Friday, June 23, 2017

Prank mail

June 23, 2017

I did not order the "Thomas Kinkade's Cuckoo Clock" from The Bradford Exchange, nor have I received it in the mail.

I did not order a subscription to Draft Magazine.

I did not order a subscription to Dwell Magazine.

I did not order a "Heart of Love" from The Hamilton Collection, nor have I received it in the mail.

I did not order a subscription to Parents Magazine.


I haven't ordered any of the hundreds of subscriptions or products for which I've been sent bills for the past few years, from when someone began ordering them while using my name or variations of my name as a prank.  

It is to my consternation that none of the invoices that I received today have customer service phone numbers which I could call to tell someone that I did not order any of this stuff, don't want it, shouldn't have to pay for it, and don't want mail about it being stuffed into the post office box which I am renting.

I also don't need to have these unresolved bills for products that I didn't order harming my credit.  

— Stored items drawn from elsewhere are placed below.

(* Let $m\ge1$ and let $j\colon K_m\to\mathbb Z^{2m-1}$ be $j(f,0)=(f(-m+1),\dots,f(m-1))$. Then for all $x,y\in K_m$, $$d(x,y)-4(m-1)\ \le\ d_1(j(x),j(y))\ \le\ d(x,y),$$ where $d$ is the word metric of $\mathbb Z\wr\mathbb Z$ and $d_1$ is the $\ell^1$ metric on $\mathbb Z^{2m-1}$.
   Context: The lamplighter group $\mathbb Z\wr\mathbb Z$ consists of pairs $(f,n)$ with $f\colon\mathbb Z\to\mathbb Z$ finitely supported and $n\in\mathbb Z$, with product $(f,n)(g,n')=(f+g(\cdot-n),\,n+n')$; it is equipped with the left-invariant word metric $d$ for the generators $a=(\delta_0,0)$ and $t=(0,1)$. $K=\{(f,0)\}$ and $K_m=\{(f,0):\operatorname{supp}f\subseteq\{-m+1,\dots,m-1\}\}$, with the metric restricted from $d$. *)

theory Defs
  imports Main
begin

text \<open>Lamplighter group Z wr Z: pairs (f, n) with f : int => int finitely supported.\<close>

type_synonym lamp = "(int \<Rightarrow> int) \<times> int"

definition lamp_mult :: "lamp \<Rightarrow> lamp \<Rightarrow> lamp" where
  "lamp_mult x y = (\<lambda>k. fst x k + fst y (k - snd x), snd x + snd y)"

definition lamp_one :: lamp where
  "lamp_one = (\<lambda>_. 0, 0)"

definition lamp_inv :: "lamp \<Rightarrow> lamp" where
  "lamp_inv x = (\<lambda>k. - fst x (k + snd x), - snd x)"

datatype gen = GA | GAinv | GT | GTinv

definition delta0 :: "int \<Rightarrow> int" where
  "delta0 k = (if k = 0 then 1 else 0)"

fun gen_elem :: "gen \<Rightarrow> lamp" where
  "gen_elem GA = (delta0, 0)"
| "gen_elem GAinv = (\<lambda>k. - delta0 k, 0)"
| "gen_elem GT = (\<lambda>_. 0, 1)"
| "gen_elem GTinv = (\<lambda>_. 0, -1)"

fun word_eval :: "gen list \<Rightarrow> lamp" where
  "word_eval [] = lamp_one"
| "word_eval (s # w) = lamp_mult (gen_elem s) (word_eval w)"

definition word_dist :: "lamp \<Rightarrow> lamp \<Rightarrow> nat" where
  "word_dist x y = (LEAST n. \<exists>w. length w = n \<and> word_eval w = lamp_mult (lamp_inv x) y)"

definition K_m :: "nat \<Rightarrow> lamp set" where
  "K_m m = {x. snd x = 0 \<and> (\<forall>k. fst x k \<noteq> 0 \<longrightarrow> - int m + 1 \<le> k \<and> k \<le> int m - 1)}"

definition jmap :: "nat \<Rightarrow> lamp \<Rightarrow> int list" where
  "jmap m x = map (fst x) [- int m + 1 .. int m - 1]"

definition l1_dist :: "int list \<Rightarrow> int list \<Rightarrow> int" where
  "l1_dist u v = sum_list (map (\<lambda>(a, b). \<bar>a - b\<bar>) (zip u v))"

end

theory Submission
  imports Defs
begin

text \<open>
  Lower bound: the letters \<open>a\<^sup>\<plusminus>\<^sup>1\<close> change a single lamp by one and the letters \<open>t\<^sup>\<plusminus>\<^sup>1\<close> only shift
  the configuration, so the \<open>\<ell>\<^sup>1\<close>-norm of the lamp configuration of any word, restricted to any
  finite window, is at most the length of the word.
  Upper bound: with \<open>c = m - 1\<close> and \<open>g\<close> supported in \<open>[-c, c]\<close>, the word that walks from
  \<open>0\<close> to \<open>-c\<close>, sweeps right to \<open>c\<close> setting lamp \<open>k\<close> with \<open>\<bar>g k\<bar>\<close> letters \<open>a\<^sup>\<plusminus>\<^sup>1\<close>, and walks
  back to \<open>0\<close> represents \<open>(g, 0)\<close> and has length \<open>\<Sum>\<bar>g k\<bar> + 4c\<close>.
\<close>

lemma lamp_mult_assoc: "lamp_mult (lamp_mult x y) z = lamp_mult x (lamp_mult y z)"
  by (auto simp: lamp_mult_def algebra_simps)

lemma lamp_mult_one_left [simp]: "lamp_mult lamp_one x = x"
  by (simp add: lamp_mult_def lamp_one_def)

lemma word_eval_append: "word_eval (u @ v) = lamp_mult (word_eval u) (word_eval v)"
  by (induction u) (auto simp: lamp_mult_assoc)

lemma word_eval_replicate_GA: "word_eval (replicate n GA) = (\<lambda>k. int n * delta0 k, 0)"
  by (induction n) (auto simp: lamp_mult_def lamp_one_def algebra_simps)

lemma word_eval_replicate_GAinv: "word_eval (replicate n GAinv) = (\<lambda>k. - int n * delta0 k, 0)"
  by (induction n) (auto simp: lamp_mult_def lamp_one_def algebra_simps)

lemma word_eval_replicate_GTinv: "word_eval (replicate n GTinv) = (\<lambda>_. 0, - int n)"
  by (induction n) (auto simp: lamp_mult_def lamp_one_def algebra_simps)

definition a_power :: "int \<Rightarrow> gen list" where
  "a_power c = (if c \<ge> 0 then replicate (nat c) GA else replicate (nat (- c)) GAinv)"

lemma word_eval_a_power: "word_eval (a_power c) = (\<lambda>k. c * delta0 k, 0)"
  by (auto simp: a_power_def word_eval_replicate_GA word_eval_replicate_GAinv)

lemma length_a_power: "length (a_power c) = nat \<bar>c\<bar>"
  by (auto simp: a_power_def)

lemma sum_abs_gen_elem_le_one:
  assumes "finite S"
  shows "(\<Sum>k\<in>S. \<bar>fst (gen_elem s) k\<bar>) \<le> 1"
proof -
  have "(\<Sum>k\<in>S. \<bar>fst (gen_elem s) k\<bar>) \<le> (\<Sum>k\<in>S. delta0 k)"
    by (intro sum_mono) (cases s; simp add: delta0_def)
  also have "\<dots> = (if 0 \<in> S then 1 else 0)"
    using assms by (simp add: delta0_def)
  finally show ?thesis
    by (simp split: if_splits)
qed

lemma sum_abs_word_eval_le_length:
  "finite S \<Longrightarrow> (\<Sum>k\<in>S. \<bar>fst (word_eval w) k\<bar>) \<le> int (length w)"
proof (induction w arbitrary: S)
  case Nil
  then show ?case
    by (simp add: lamp_one_def)
next
  case (Cons s w)
  define h where "h = fst (word_eval w)"
  define shift where "shift = (\<lambda>k. k - snd (gen_elem s))"
  have "(\<Sum>k\<in>S. \<bar>fst (word_eval (s # w)) k\<bar>) = (\<Sum>k\<in>S. \<bar>fst (gen_elem s) k + h (shift k)\<bar>)"
    by (simp add: lamp_mult_def h_def shift_def)
  also have "\<dots> \<le> (\<Sum>k\<in>S. \<bar>fst (gen_elem s) k\<bar>) + (\<Sum>k\<in>S. \<bar>h (shift k)\<bar>)"
    by (simp add: sum.distrib [symmetric] sum_mono abs_triangle_ineq)
  also have "(\<Sum>k\<in>S. \<bar>h (shift k)\<bar>) = (\<Sum>k\<in>shift ` S. \<bar>h k\<bar>)"
    by (simp add: sum.reindex inj_on_def shift_def)
  also have "\<dots> \<le> int (length w)"
    using Cons by (simp add: h_def)
  finally show ?case
    using sum_abs_gen_elem_le_one [OF Cons.prems, of s] by simp
qed

lemma ex_word_eval_support_0_n:
  assumes "\<And>k. g k \<noteq> 0 \<Longrightarrow> 0 \<le> k \<and> k \<le> int n"
  shows "\<exists>w. word_eval w = (g, int n) \<and> int (length w) \<le> (\<Sum>k\<in>{0..int n}. \<bar>g k\<bar>) + int n"
  using assms
proof (induction n arbitrary: g)
  case 0
  then have "g = (\<lambda>k. g 0 * delta0 k)"
    by (fastforce simp: delta0_def fun_eq_iff)
  then have "word_eval (a_power (g 0)) = (g, 0)"
    by (simp add: word_eval_a_power)
  then show ?case
    by (intro exI [of _ "a_power (g 0)"]) (simp add: length_a_power)
next
  case (Suc n)
  define c where "c = g (int n + 1)"
  define g' where "g' = g(int n + 1 := 0)"
  have "0 \<le> k \<and> k \<le> int n" if "g' k \<noteq> 0" for k
    using Suc.prems [of k] that by (auto simp: g'_def split: if_splits)
  with Suc.IH obtain w where w: "word_eval w = (g', int n)"
    and len_w: "int (length w) \<le> (\<Sum>k\<in>{0..int n}. \<bar>g' k\<bar>) + int n"
    by blast
  have "word_eval (w @ [GT] @ a_power c) = (g, int (Suc n))"
    by (auto simp: word_eval_append w word_eval_a_power lamp_mult_def lamp_one_def
        g'_def c_def delta0_def fun_eq_iff)
  moreover have "(\<Sum>k\<in>{0..int n}. \<bar>g' k\<bar>) = (\<Sum>k\<in>{0..int n}. \<bar>g k\<bar>)"
    by (intro sum.cong) (auto simp: g'_def)
  moreover have "{0..int (Suc n)} = insert (int n + 1) {0..int n}"
    by auto
  then have "(\<Sum>k\<in>{0..int (Suc n)}. \<bar>g k\<bar>) = \<bar>c\<bar> + (\<Sum>k\<in>{0..int n}. \<bar>g k\<bar>)"
    by (simp add: c_def)
  ultimately show ?case
    using len_w by (intro exI [of _ "w @ [GT] @ a_power c"]) (simp add: length_a_power)
qed

lemma ex_word_eval_support_centered:
  assumes "\<And>k. g k \<noteq> 0 \<Longrightarrow> - int c \<le> k \<and> k \<le> int c"
  shows "\<exists>w. word_eval w = (g, 0) \<and> int (length w) \<le> (\<Sum>k\<in>{- int c..int c}. \<bar>g k\<bar>) + 4 * int c"
proof -
  define h where "h = (\<lambda>k. g (k - int c))"
  have "\<And>k. h k \<noteq> 0 \<Longrightarrow> 0 \<le> k \<and> k \<le> int (2 * c)"
    using assms by (force simp: h_def)
  then obtain w where w: "word_eval w = (h, int (2 * c))"
    and len_w: "int (length w) \<le> (\<Sum>k\<in>{0..int (2 * c)}. \<bar>h k\<bar>) + int (2 * c)"
    using ex_word_eval_support_0_n by blast
  have shift: "{0..int (2 * c)} = (\<lambda>k. k + int c) ` {- int c..int c}"
    by (auto simp: image_iff intro: bexI [where x = "_ - int c"])
  then have "(\<Sum>k\<in>{0..int (2 * c)}. \<bar>h k\<bar>) = (\<Sum>k\<in>{- int c..int c}. \<bar>g k\<bar>)"
    unfolding shift by (subst sum.reindex) (auto simp: inj_on_def h_def)
  moreover have "word_eval (replicate c GTinv @ w @ replicate c GTinv) = (g, 0)"
    by (simp add: word_eval_append word_eval_replicate_GTinv w lamp_mult_def h_def)
  ultimately show ?thesis
    using len_w by (intro exI [of _ "replicate c GTinv @ w @ replicate c GTinv"]) simp
qed

lemma word_dist_le_length:
  "word_eval w = lamp_mult (lamp_inv x) y \<Longrightarrow> word_dist x y \<le> length w"
  unfolding word_dist_def by (rule Least_le) blast

lemma word_dist_attained:
  assumes "word_eval w = lamp_mult (lamp_inv x) y"
  obtains w' where "length w' = word_dist x y" "word_eval w' = lamp_mult (lamp_inv x) y"
  using LeastI_ex [of "\<lambda>n. \<exists>w. length w = n \<and> word_eval w = lamp_mult (lamp_inv x) y"] assms
  unfolding word_dist_def by blast

lemma l1_dist_jmap:
  "l1_dist (jmap m x) (jmap m y) = (\<Sum>k\<in>{- int m + 1..int m - 1}. \<bar>fst x k - fst y k\<bar>)"
  by (simp add: l1_dist_def jmap_def zip_map_map zip_same_conv_map o_def
      sum_list_distinct_conv_sum_set)

lemma lamp_inv_mult_K_m:
  assumes "x \<in> K_m m" and "y \<in> K_m m"
  shows "lamp_mult (lamp_inv x) y = (\<lambda>k. fst y k - fst x k, 0)"
  using assms by (simp add: K_m_def lamp_mult_def lamp_inv_def)

theorem lemma4p2p4:
  fixes m :: nat and x y :: lamp
  assumes "m \<ge> 1" and "x \<in> K_m m" and "y \<in> K_m m"
  shows "int (word_dist x y) - 4 * (int m - 1) \<le> l1_dist (jmap m x) (jmap m y)
       \<and> l1_dist (jmap m x) (jmap m y) \<le> int (word_dist x y)"
proof -
  define c where "c = m - 1"
  define g where "g = (\<lambda>k. fst y k - fst x k)"
  have c: "int c = int m - 1"
    using assms(1) by (simp add: c_def)
  have z: "lamp_mult (lamp_inv x) y = (g, 0)"
    using lamp_inv_mult_K_m [OF assms(2,3)] by (simp add: g_def)
  have l1: "l1_dist (jmap m x) (jmap m y) = (\<Sum>k\<in>{- int c..int c}. \<bar>g k\<bar>)"
    by (simp add: l1_dist_jmap c g_def abs_minus_commute)
  have "\<And>k. g k \<noteq> 0 \<Longrightarrow> - int c \<le> k \<and> k \<le> int c"
    using assms(2,3) c by (force simp: K_m_def g_def)
  then obtain w where w: "word_eval w = (g, 0)"
    and len_w: "int (length w) \<le> (\<Sum>k\<in>{- int c..int c}. \<bar>g k\<bar>) + 4 * int c"
    using ex_word_eval_support_centered by blast
  have upper: "int (word_dist x y) \<le> int (length w)"
    using word_dist_le_length w z by simp
  obtain w' where "length w' = word_dist x y" "word_eval w' = (g, 0)"
    using word_dist_attained [of w] w z by metis
  then have lower: "(\<Sum>k\<in>{- int c..int c}. \<bar>g k\<bar>) \<le> int (word_dist x y)"
    using sum_abs_word_eval_le_length [of _ w'] by fastforce
  show ?thesis
    using upper len_w lower l1 c by auto
qed

end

It seems to me that many of the magazines that are sent to me are produced by people who know who I am and who might even have watched me from tapping into the hidden, illegal cameras in one or both of my last two apartments.  The magazines frequently have references to me on their covers and throughout their publications.  Since they know who I am, I would appreciate it if I didn't have to continue to try to contact each of them to cancel a subscription every time that whoever is prank mailing me thinks it's funny to order a subscription for "Lena BrokeHo Kochman" while whoever it is at the magazine or other business doesn't realize that it's a prank.  

I ALSO DON'T WANT THESE BUSINESSES TO HACK MY PHONE, MY EMAIL, OR ANY OTHER PART OF MY LIFE.